Дно пузыря мурашками покрылось, Мочеворот у устья закружился, Простата в страхе спермой подавилась, Придаток правого яичка удавился.
Варикоцеле синее надулось, А парауретральные взопрели, Вся мочеполовая ужаснулась И задрожал под крайней плотью эпителий.
Да, это вам не через льды бодаться, И не за борт блевать от скверной водки. Любая среди наших операций – Почти что погружение подлодки.
А доктор, беспощадный и упрямый, Вам даст понять, кто вы, на самом деле. Опять он цистоскоп готовит рьяно, И дыбом волосы встают на чьем-то теле.
22.02.2003
Завтра должны быть на Новолазаревской. Айсберги куда-то подевались. Температура воды и воздуха за бортом – 0 гр. Снимал сегодня ЭКГ мирянам - это составляющая какой-то исследовательской работы. Большую часть времени сплю или валяю дурака.
23.02.2003
Погода отличная, облаков нет, ветер выдувает мозг через естественные отверстия.
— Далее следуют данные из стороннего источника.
(* For every $\delta_0>0$, every $c_0\in(0,1)$ and every $\varepsilon>0$ there exists $\kappa=\kappa(\delta_0,\varepsilon,c_0)>0$ with the following property. Let $n\in\mathbb N$, let $P$ be an algebraic polynomial of degree at most $n$ with $\|P\|_{[-1,1]}\le 1$, and let $\delta\ge\delta_0$ and $c_0\le c<1$ be such that $0<\varepsilon<\frac{1-c}{2-c}$. Suppose $E\subset[-1,1]$ is a measurable set with $|E|<\kappa$ and $\|P\|_E\le e^{-\delta n}$, and suppose $I$ is an interval with $E\subset I\subset[-1,1]$ and $$|I|\le |E|^{\frac{1}{2-c}+\varepsilon}.$$ Then $\|P\|_I\le e^{-c\delta n}$.
   Context: For a set $F$, $\|g\|_F=\sup_{x\in F}|g(x)|$ denotes the uniform norm on $F$; $|\cdot|$ denotes Lebesgue measure (length). *)

theory Defs
  imports "HOL-Analysis.Analysis" "HOL-Computational_Algebra.Polynomial"
begin

definition unif_norm :: "real poly \<Rightarrow> real set \<Rightarrow> real" where
  "unif_norm P F = (SUP x\<in>F. \<bar>poly P x\<bar>)"

end

theory Submission
  imports Defs
begin

text \<open>
  Let \<open>I \<subseteq> [a, b]\<close> with \<open>b - a \<le> |E|^p\<close>, \<open>p = 1/(2 - c) + \<epsilon>\<close>, and fix \<open>x \<in> [a, b]\<close>.
  Interpolate \<open>P\<close> at \<open>n + 1\<close> nodes: \<open>k + 1\<close> points of the closure of \<open>E\<close> with mutual distances
  at least \<open>|E| / (k + 1)\<close> (levels of the distribution function \<open>t \<mapsto> |E \<inter> (-\<infinity>, t]|\<close>), where
  \<open>|P| \<le> e^{-\<delta> n}\<close>, and the \<open>n - k\<close> extremal points of a Chebyshev polynomial on a window of
  length \<open>1/2\<close> inside \<open>[-1, 1]\<close> at distance \<open>d = |E|^{\<epsilon>/2}\<close> from \<open>[a, b]\<close>, where \<open>|P| \<le> 1\<close>.
  On the first group the Lagrange basis has total size at most \<open>(2 e |I| / |E|)^k\<close>; on the second
  it sums to a Chebyshev polynomial evaluated just outside the window, which is \<open>e^{O(n |E|^{\<epsilon>/4})}\<close>.
  Hence \<open>|P(x)| \<le> e^{-\<delta> n} (2 e |I| / |E|)^k e^{n |I| / d} + (|I| / d)^{k + 1} e^{O(n |E|^{\<epsilon>/4})}\<close>,
  and \<open>k \<approx> c \<delta> n / ((c + \<epsilon>/2) log (1/|E|))\<close> makes both terms at most \<open>e^{-c \<delta> n} / 2\<close> once \<open>|E|\<close>
  is small enough; when \<open>\<delta> n\<close> is bounded, \<open>k = 0\<close> already works.
\<close>

section \<open>Lagrange interpolation\<close>

definition lagrange_basis :: "('i \<Rightarrow> real) \<Rightarrow> 'i set \<Rightarrow> 'i \<Rightarrow> real \<Rightarrow> real" where
  "lagrange_basis z A i x = (\<Prod>j\<in>A - {i}. (x - z j) / (z i - z j))"

lemma lagrange_basis_node:
  assumes "finite A" "inj_on z A" "i \<in> A" "i' \<in> A"
  shows "lagrange_basis z A i (z i') = (if i = i' then 1 else 0)"
proof (cases "i = i'")
  case True
  then show ?thesis
    using assms unfolding lagrange_basis_def by (auto intro!: prod.neutral simp: inj_on_eq_iff)
next
  case False
  then show ?thesis
    using assms unfolding lagrange_basis_def by (auto intro!: prod_zero)
qed

lemma lagrange_interpolation:
  fixes p :: "real poly"
  assumes fin: "finite A" and inj: "inj_on z A" and deg: "degree p < card A"
  shows "poly p x = (\<Sum>i\<in>A. poly p (z i) * lagrange_basis z A i x)"
proof -
  define q where
    "q = (\<Sum>i\<in>A. smult (poly p (z i)) (\<Prod>j\<in>A - {i}. smult (1 / (z i - z j)) [:- z j, 1:]))"
  have poly_q: "poly q y = (\<Sum>i\<in>A. poly p (z i) * lagrange_basis z A i y)" for y
    unfolding q_def lagrange_basis_def by (simp add: poly_sum poly_prod diff_divide_distrib[symmetric])
  have "degree q \<le> card A - 1"
    unfolding q_def
  proof (intro degree_sum_le fin order_trans[OF degree_smult_le])
    fix i assume "i \<in> A"
    have linear: "degree (smult t [:- s, 1:]) \<le> 1" for s t :: real
      by (rule order_trans[OF degree_smult_le]) simp
    have "degree (\<Prod>j\<in>A - {i}. smult (1 / (z i - z j)) [:- z j, 1:])
        \<le> (\<Sum>j\<in>A - {i}. degree (smult (1 / (z i - z j)) [:- z j, 1:]))"
      using degree_prod_sum_le[of "A - {i}" "\<lambda>j. smult (1 / (z i - z j)) [:- z j, 1:]"] fin
      by (simp only: o_def finite_Diff)
    also have "\<dots> \<le> (\<Sum>j\<in>A - {i}. 1)"
      by (rule sum_mono) (rule linear)
    also have "\<dots> = card A - 1" using \<open>i \<in> A\<close> fin by simp
    finally show "degree (\<Prod>j\<in>A - {i}. smult (1 / (z i - z j)) [:- z j, 1:]) \<le> card A - 1" .
  qed
  with deg have "degree q < card (z ` A)" by (simp add: card_image[OF inj])
  moreover have "poly p s = poly q s" if "s \<in> z ` A" for s
  proof -
    from that obtain i' where i': "i' \<in> A" "s = z i'" by blast
    have "poly q s = (\<Sum>i\<in>A. if i = i' then poly p (z i) else 0)"
      unfolding poly_q i' using fin inj i' by (intro sum.cong) (auto simp: lagrange_basis_node)
    then show ?thesis using fin i' by simp
  qed
  ultimately have "p = q" using deg by (intro poly_eqI_degree[of "z ` A"]) (simp_all add: card_image[OF inj])
  then show ?thesis unfolding poly_q[symmetric] by simp
qed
Мы вошли в пояс льдов и продвигаемся очень медленно. Появились полярные голуби и еще какие-то мелкие пичужки, похожие на ласточек. Пингвинов и тюленей пока нет. До Новолазаревской остается около 50 миль, может быть, к ночи доберемся. Серега с Колей готовятся к высадке – упаковывают вещи, подтаскивают их в помещения поближе к вертолетной площадке. В большей степени это, конечно, касается Сержа. Он набрал с собой добра не меньше, чем еврейский эмигрант из Гомеля. После полдника видел двух пингвинов и трех тюленей – славные колбаски! Один из тюленей только лениво приподнял голову, рассматривая наш корабль, другие два, видимо самка с детенышем, отползли подальше. Пингвины при подходе судна забегали по своей льдине, размахивая крылышками, а потом замерли в отдалении, рассматривая рассматривающих их людей. Ну а после ужина стали видны ледяной барьер и купол Антарктиды. Вдалеке по левому борту чернел корпус замершей во льдах «Магдалены». Встретилось несколько стаек императорских пингвинов, ныряющих в воду и выпрыгивающих обратно на льдину.
24.02.2003
НЭС «Академик Федоров» бодает ледяной припай у ледяного барьера станции Новолазаревская. По всей видимости, капитан хочет встать к барьеру, чтобы скачать топливо непосредственно на берег. С вечера мы стояли, врубившись во льды, а утром по чистой воде переместились на более выгодное место, после чего на вертолете отправились первые люди и грузы на Новолазаревскую. До сих пор наш МИ-8 стоял в ангаре со снятыми лопастями. Вчера в течение дня он был приведен в готовность, и сегодня мой славный товарищ Серега, старший врач станции Новолазаревская, первым бортом улетел к месту зимовки. Я этот торжественный момент проспал и не успел лично с ним попрощаться.